** Data supplied follows **
(* Let $m$ be a positive integer with $\omega(m)\geq 149$. Then $W(m)<m^{1/8}$.
   Context: For a positive integer $m$, $\omega(m)$ is the number of distinct prime divisors of $m$ and $W(m)=2^{\omega(m)}$. *)

theory Defs
  imports Complex_Main "HOL-Computational_Algebra.Primes"
begin

definition omega :: "nat \<Rightarrow> nat" where
  "omega m = card (prime_factors m)"

definition W :: "nat \<Rightarrow> nat" where
  "W m = 2 ^ omega m"

end

theory Submission
  imports Defs
begin

text \<open>
  The 148 primes below 859 have a product q with 859 q > 256^149, by a margin of only about
  0.16 bits. A set P of k \<ge> 149 primes contains at most these primes below 859 and all its
  other elements are at least 859, so \<Prod>P \<ge> q 859^(k - 148) > 256^k. Applied to the prime
  divisors of m this gives 256^\<omega>(m) < m, and taking eighth roots finishes the proof.
\<close>

lemma prod_mult_threshold_power_le:
  fixes P Q :: "nat set" and T :: nat
  assumes "finite P" and "finite Q" and "\<forall>q\<in>Q. q \<le> T" and "P \<inter> {..<T} \<subseteq> Q"
    and "card Q \<le> card P"
  shows "\<Prod>Q * T ^ (card P - card Q) \<le> \<Prod>P"
proof -
  define A where "A = P \<inter> {..<T}"
  have "A \<subseteq> P" "A \<subseteq> Q" "finite A"
    using assms(1,4) by (auto simp: A_def)
  then have card_A: "card A \<le> card Q" "card A \<le> card P"
    using assms(1,2) by (auto intro: card_mono)
  have "\<Prod>Q = \<Prod>A * \<Prod>(Q - A)"
    using \<open>A \<subseteq> Q\<close> assms(2) by (metis prod.subset_diff mult.commute)
  also have "\<Prod>(Q - A) \<le> (\<Prod>q\<in>Q - A. T)"
    using assms(3) by (intro prod_mono) auto
  finally have Q_le: "\<Prod>Q \<le> \<Prod>A * T ^ (card Q - card A)"
    using \<open>A \<subseteq> Q\<close> \<open>finite A\<close> by (simp add: card_Diff_subset)
  have "(\<Prod>p\<in>P - A. T) \<le> \<Prod>(P - A)"
    by (intro prod_mono) (auto simp: A_def)
  then have P_ge: "\<Prod>A * T ^ (card P - card A) \<le> \<Prod>P"
    using \<open>A \<subseteq> P\<close> \<open>finite A\<close> assms(1)
    by (simp add: card_Diff_subset prod.subset_diff[of A P] mult.commute)
  have "\<Prod>Q * T ^ (card P - card Q) \<le> \<Prod>A * T ^ (card Q - card A) * T ^ (card P - card Q)"
    using Q_le by (rule mult_le_mono1)
  also have "\<dots> = \<Prod>A * T ^ (card P - card A)"
    using card_A assms(5) by (simp add: mult.assoc flip: power_add)
  finally show ?thesis
    using P_ge by linarith
qed

lemma prod_list_concat_ge:
  fixes xss :: "nat list list" and b :: nat
  assumes "list_all2 (\<lambda>xs (a, e). a * b ^ e \<le> prod_list xs) xss bounds"
  shows "prod_list (map fst bounds) * b ^ sum_list (map snd bounds) \<le> prod_list (concat xss)"
  using assms
proof (induction rule: list_all2_induct)
  case Nil
  then show ?case by simp
next
  case (Cons xs xss bound bounds)
  obtain a e where "bound = (a, e)" by fastforce
  with Cons have "a * b ^ e * (prod_list (map fst bounds) * b ^ sum_list (map snd bounds))
      \<le> prod_list xs * prod_list (concat xss)"
    by (intro mult_le_mono) auto
  with \<open>bound = (a, e)\<close> show ?case
    by (simp add: power_add ac_simps)
qed

lemma prod_prime_factors_le:
  fixes n :: nat
  assumes "n > 0"
  shows "\<Prod>(prime_factors n) \<le> n"
proof (rule dvd_imp_le)
  have "\<Prod>(prime_factors n) dvd (\<Prod>p\<in>prime_factors n. p ^ multiplicity p n)"
    using assms by (intro prod_dvd_prod dvd_power) (auto simp: prime_factors_multiplicity)
  then show "\<Prod>(prime_factors n) dvd n"
    using prime_factorization_nat[OF assms] by simp
qed (fact assms)

definition passes_trial_division :: "nat list \<Rightarrow> nat \<Rightarrow> bool" where
  "passes_trial_division ds n \<longleftrightarrow> list_all (\<lambda>d. n mod d = 0 \<longrightarrow> n = d) ds"

lemma prime_passes_trial_division:
  assumes "prime p" and "1 \<notin> set ds"
  shows "passes_trial_division ds p"
  using assms by (auto simp: passes_trial_division_def list_all_iff prime_nat_iff)

text \<open>
  Primality of these entries is never used: it suffices that every prime below 859 occurs
  among them.
\<close>

definition primes_below_859_by_hundreds :: "nat list list" where
  "primes_below_859_by_hundreds =
    [[2, 3, 5, 7, 11, 13, 17, 19, 23, 29, 31, 37, 41, 43, 47, 53, 59, 61, 67, 71, 73, 79, 83, 89, 97],
     [101, 103, 107, 109, 113, 127, 131, 137, 139, 149, 151, 157, 163, 167, 173, 179, 181, 191, 193, 197, 199],
     [211, 223, 227, 229, 233, 239, 241, 251, 257, 263, 269, 271, 277, 281, 283, 293],
     [307, 311, 313, 317, 331, 337, 347, 349, 353, 359, 367, 373, 379, 383, 389, 397],
     [401, 409, 419, 421, 431, 433, 439, 443, 449, 457, 461, 463, 467, 479, 487, 491, 499],
     [503, 509, 521, 523, 541, 547, 557, 563, 569, 571, 577, 587, 593, 599],
     [601, 607, 613, 617, 619, 631, 641, 643, 647, 653, 659, 661, 673, 677, 683, 691],
     [701, 709, 719, 727, 733, 739, 743, 751, 757, 761, 769, 773, 787, 797],
     [809, 811, 821, 823, 827, 829, 839, 853, 857]]"

lemma filter_trial_division_below_859:
  "filter (passes_trial_division [2, 3, 5, 7, 11, 13, 17, 19, 23, 29]) [2..<859]
     = concat primes_below_859_by_hundreds"
proof -
  have "[2..<859] = concat [[2..<100], [100..<200], [200..<300], [300..<400], [400..<500],
      [500..<600], [600..<700], [700..<800], [800..<859]]"
    by (simp flip: upt_add_eq_append)
  then show ?thesis
    by (simp only: filter_concat)
      (simp add: passes_trial_division_def primes_below_859_by_hundreds_def upt_rec)
qed

lemma pow_256_149_lt_prod_primes_below_859:
  "(256::nat) ^ 149 < 859 * prod_list (concat primes_below_859_by_hundreds)"
proof -
  txt \<open>
    Each pair \<open>(a, e)\<close> has \<open>a = \<lfloor>\<Prod>block / 2\<^sup>e\<rfloor>\<close>, a 20-bit mantissa; this avoids
    evaluating the 1200-bit product itself.
  \<close>
  define bounds :: "(nat \<times> nat) list" where
    "bounds = [(909386, 101), (621373, 132), (807428, 108), (599042, 116), (901790, 130),
      (779789, 108), (645810, 130), (812090, 114), (631574, 68)]"
  have "(256::nat) ^ 149 = 2 ^ 185 * 2 ^ sum_list (map snd bounds)"
    by (simp add: bounds_def flip: power_add power_mult)
  also have "\<dots> < 859 * prod_list (map fst bounds) * 2 ^ sum_list (map snd bounds)"
    by (intro mult_strict_right_mono) (simp_all add: bounds_def)
  also have "\<dots> \<le> 859 * prod_list (concat primes_below_859_by_hundreds)"
    unfolding mult.assoc
    by (intro mult_le_mono2 prod_list_concat_ge)
      (simp add: bounds_def primes_below_859_by_hundreds_def)
  finally show ?thesis .
qed

lemma prod_primes_gt_pow_256:
  fixes P :: "nat set"
  assumes "finite P" and "\<forall>p\<in>P. prime p" and "card P \<ge> 149"
  shows "256 ^ card P < \<Prod>P"
proof -
  define L where "L = concat primes_below_859_by_hundreds"
  have L_eq: "L = filter (passes_trial_division [2, 3, 5, 7, 11, 13, 17, 19, 23, 29]) [2..<859]"
    unfolding L_def by (rule filter_trial_division_below_859[symmetric])
  have "distinct L"
    unfolding L_eq by (simp only: distinct_filter distinct_upt)
  moreover have "length L = 148"
    by (simp add: L_def primes_below_859_by_hundreds_def)
  ultimately have card_L: "card (set L) = 148" and prod_L: "\<Prod>(set L) = prod_list L"
    by (simp_all add: distinct_card prod.distinct_set_conv_list)
  have "P \<inter> {..<859} \<subseteq> set L"
  proof
    fix p
    assume "p \<in> P \<inter> {..<859}"
    then have "prime p" and "p < 859"
      using assms(2) by auto
    then show "p \<in> set L"
      unfolding L_eq set_filter set_upt
      by (simp add: prime_ge_2_nat prime_passes_trial_division)
  qed
  moreover have "\<forall>q\<in>set L. q \<le> 859"
    unfolding L_eq set_filter set_upt by simp
  ultimately have "\<Prod>(set L) * 859 ^ (card P - 148) \<le> \<Prod>P"
    using prod_mult_threshold_power_le[of P "set L" 859] assms(1,3) card_L by simp
  moreover have "256 ^ card P < \<Prod>(set L) * 859 ^ (card P - 148)"
  proof -
    have "card P = 149 + (card P - 149)"
      using assms(3) by simp
    then have "(256::nat) ^ card P = 256 ^ 149 * 256 ^ (card P - 149)"
      by (metis power_add)
    also have "\<dots> < (859 * prod_list L) * 859 ^ (card P - 149)"
      using pow_256_149_lt_prod_primes_below_859
      by (intro mult_less_le_imp_less power_mono) (simp_all add: L_def)
    also have "\<dots> = \<Prod>(set L) * 859 ^ Suc (card P - 149)"
      by (simp add: prod_L)
    also have "Suc (card P - 149) = card P - 148"
      using assms(3) by simp
    finally show ?thesis .
  qed
  ultimately show ?thesis
    by linarith
qed

theorem lemma5p1:
  fixes m :: nat
  assumes "m > 0" and "omega m \<ge> 149"
  shows "real (W m) < real m powr (1/8)"
proof -
  have "256 ^ omega m < \<Prod>(prime_factors m)"
    using prod_primes_gt_pow_256[of "prime_factors m"] assms(2)
    by (simp add: omega_def in_prime_factors_imp_prime)
  also have "\<dots> \<le> m"
    using assms(1) by (rule prod_prime_factors_le)
  finally have "real (256 ^ omega m) < real m"
    by simp
  moreover have "real (W m) = real (256 ^ omega m) powr (1/8)"
  proof -
    have "real (256 ^ omega m) = 2 powr real (8 * omega m)"
      by (subst powr_realpow) (simp_all add: power_mult)
    then show ?thesis
      by (simp add: W_def powr_powr powr_realpow)
  qed
  ultimately show ?thesis
    by (simp add: powr_less_mono2)
qed

end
** End of Data supplied **
_Aim of the task:_
Copy out each line of the records where the word "assumes" appears.

_Exercise output:_
  assumes "finite P" and "finite Q" and "\<forall>q\<in>Q. q \<le> T" and "P \<inter> {..<T} \<subseteq> Q"
  assumes "list_all2 (\<lambda>xs (a, e). a * b ^ e \<le> prod_list xs) xss bounds"
  assumes "n > 0"
  assumes "prime p" and "1 \<notin> set ds"
  assumes "finite P" and "\<forall>p\<in>P. prime p" and "card P \<ge> 149"
  assumes "m > 0" and "omega m \<ge> 149"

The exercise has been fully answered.